President of the Nigerian Society of Engineers, Engr. Otis Anyaeji, (right), wife of the Deputy Governor of Delta State, Her Excellency, Engr. Ebierin Otuaro, FNSE and Chairman Board of Fellows/College of Fellows, Engr. Chris Okoye shortly after the Society’s Fellowship Conferment in Abuja

The huge parity between what engineering students are taught in school and what actually obtains in the industry has become a source of concern for the Nigerian Society of Engineers (NSE). This issue was brought to the fore at the 2017 first special dinner for the conferment of Fellows on engineers this week in Abuja.

Speaking during the event, which took place at the Banquet Hall of the NAF Conference Centre and Suites in Kado District, the Chairman, Board of Fellows/College of Fellows of the NSE, Engr. Chris Okoye said, “today we want to bring to the front burner, the need to empower Engineering teachers in Nigeria especially as regards bridging the gap between what they teach and industry practice. This is based on the proven fact that there is a serious disconnect between what the students learn in our universities and what is needed in the industry.”

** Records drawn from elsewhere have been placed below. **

(* Let $\mathbb{X},\mathbb{Y}$ be $n$-dimensional real polyhedral Banach spaces with $|\mathrm{Ext}\,B_{\mathbb{X}^*}|=|\mathrm{Ext}\,B_{\mathbb{Y}^*}|$, and let $T\in\mathbb{L}(\mathbb{X},\mathbb{Y})$ be a bijective operator that preserves parallel pairs (equivalently, TEA pairs). Then: (i) for each $f\in\mathrm{Ext}\,B_{\mathbb{X}^*}$ there exists a unique $g\in\mathrm{Ext}\,B_{\mathbb{Y}^*}$ such that $T(\mathrm{Sm}(f))=\mathrm{Sm}(g)$; (ii) for each non-zero $x\in\mathbb{X}$, $|\mathrm{Ext}\,J(x)|=|\mathrm{Ext}\,J(Tx)|$.
   Context: A finite-dimensional Banach space is polyhedral if its unit ball has finitely many extreme points. For non-zero $x$, $J(x)=\{f\in S_{\mathbb{X}^*}: f(x)=\|x\|\}$ and $\mathrm{Ext}\,J(x)$ denotes its set of extreme points. For $f\in\mathrm{Ext}\,B_{\mathbb{X}^*}$, $\mathrm{Sm}(f)=\{x\in\mathbb{X}: J(x)=\{f\}\}$. $(x,y)$ is a parallel pair if $\|x+\lambda y\|=\|x\|+\|y\|$ for some $\lambda$ with $|\lambda|=1$; a TEA pair if $\|x+y\|=\|x\|+\|y\|$. $T$ preserves parallel pairs if $(x,y)$ parallel in $\mathbb{X}$ implies $(Tx,Ty)$ parallel in $\mathbb{Y}$. *)

theory Defs
  imports "HOL-Analysis.Analysis"
begin

text \<open>A finite-dimensional real Banach space is modelled as a euclidean_space type
  (providing the underlying finite-dimensional real vector space) together with an
  arbitrary norm N on it. Linear functionals are represented via the inner product:
  the vector u stands for the functional x maps to u \<bullet> x.\<close>

definition is_norm :: "('a::real_vector \<Rightarrow> real) \<Rightarrow> bool" where
  "is_norm N \<longleftrightarrow> (\<forall>x. N x = 0 \<longleftrightarrow> x = 0) \<and>
     (\<forall>x y. N (x + y) \<le> N x + N y) \<and> (\<forall>c x. N (c *\<^sub>R x) = \<bar>c\<bar> * N x)"

definition unit_ball :: "('a::real_vector \<Rightarrow> real) \<Rightarrow> 'a set" where
  "unit_ball N = {x. N x \<le> 1}"

definition Ext :: "'a::real_vector set \<Rightarrow> 'a set" where
  "Ext S = {x. x extreme_point_of S}"

definition polyhedral :: "('a::real_vector \<Rightarrow> real) \<Rightarrow> bool" where
  "polyhedral N \<longleftrightarrow> finite (Ext (unit_ball N))"

definition dual_norm :: "('a::euclidean_space \<Rightarrow> real) \<Rightarrow> 'a \<Rightarrow> real" where
  "dual_norm N u = (SUP x \<in> unit_ball N. \<bar>u \<bullet> x\<bar>)"

definition dual_ball :: "('a::euclidean_space \<Rightarrow> real) \<Rightarrow> 'a set" where
  "dual_ball N = {u. dual_norm N u \<le> 1}"

definition dual_sphere :: "('a::euclidean_space \<Rightarrow> real) \<Rightarrow> 'a set" where
  "dual_sphere N = {u. dual_norm N u = 1}"

definition J :: "('a::euclidean_space \<Rightarrow> real) \<Rightarrow> 'a \<Rightarrow> 'a set" where
  "J N x = {f \<in> dual_sphere N. f \<bullet> x = N x}"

He informed that in a study conducted by NUC in 2004 on Labour Market Expectations of Nigerian Graduates, it was discovered that university education in Nigeria does not adequately prepare graduates for work, which manifests in the number of deficiencies the graduates exhibit in the work place.

Okoye noted that the situation has deteriorated since 2004 based on the testimonies of some employers with whom he had interacted recently. “Therefore, we believe that to bridge this gap between what is taught in our Engineering Faculties and industry practice, we should first start by bridging the gap between the academia, that carry the message, and the industry. In this regard, we propose a development and implementation of a framework for continuous professional development programme for engineering teachers, which will involve one-year industry practice every five years. The NSE, especially the Fellows, should take a lead and develop this framework,” he said.

Meanwhile, 30 engineers were confirmed Fellows of the Nigerian Society of Engineers at the event. Speaking on their conferment, president of the NSE, Engr. Otis Anyaeji, told the fellows, “I wish to rekindle here that the expectations of NSE and the larger society from our honourable conferees are high, with regards to strict adherence to professional codes, standards and ethics. The NSE, therefore, reserves the right to revoke and withdraw the Fellowship certificate of any member enmeshed in breaches brought to the notice of the Society.”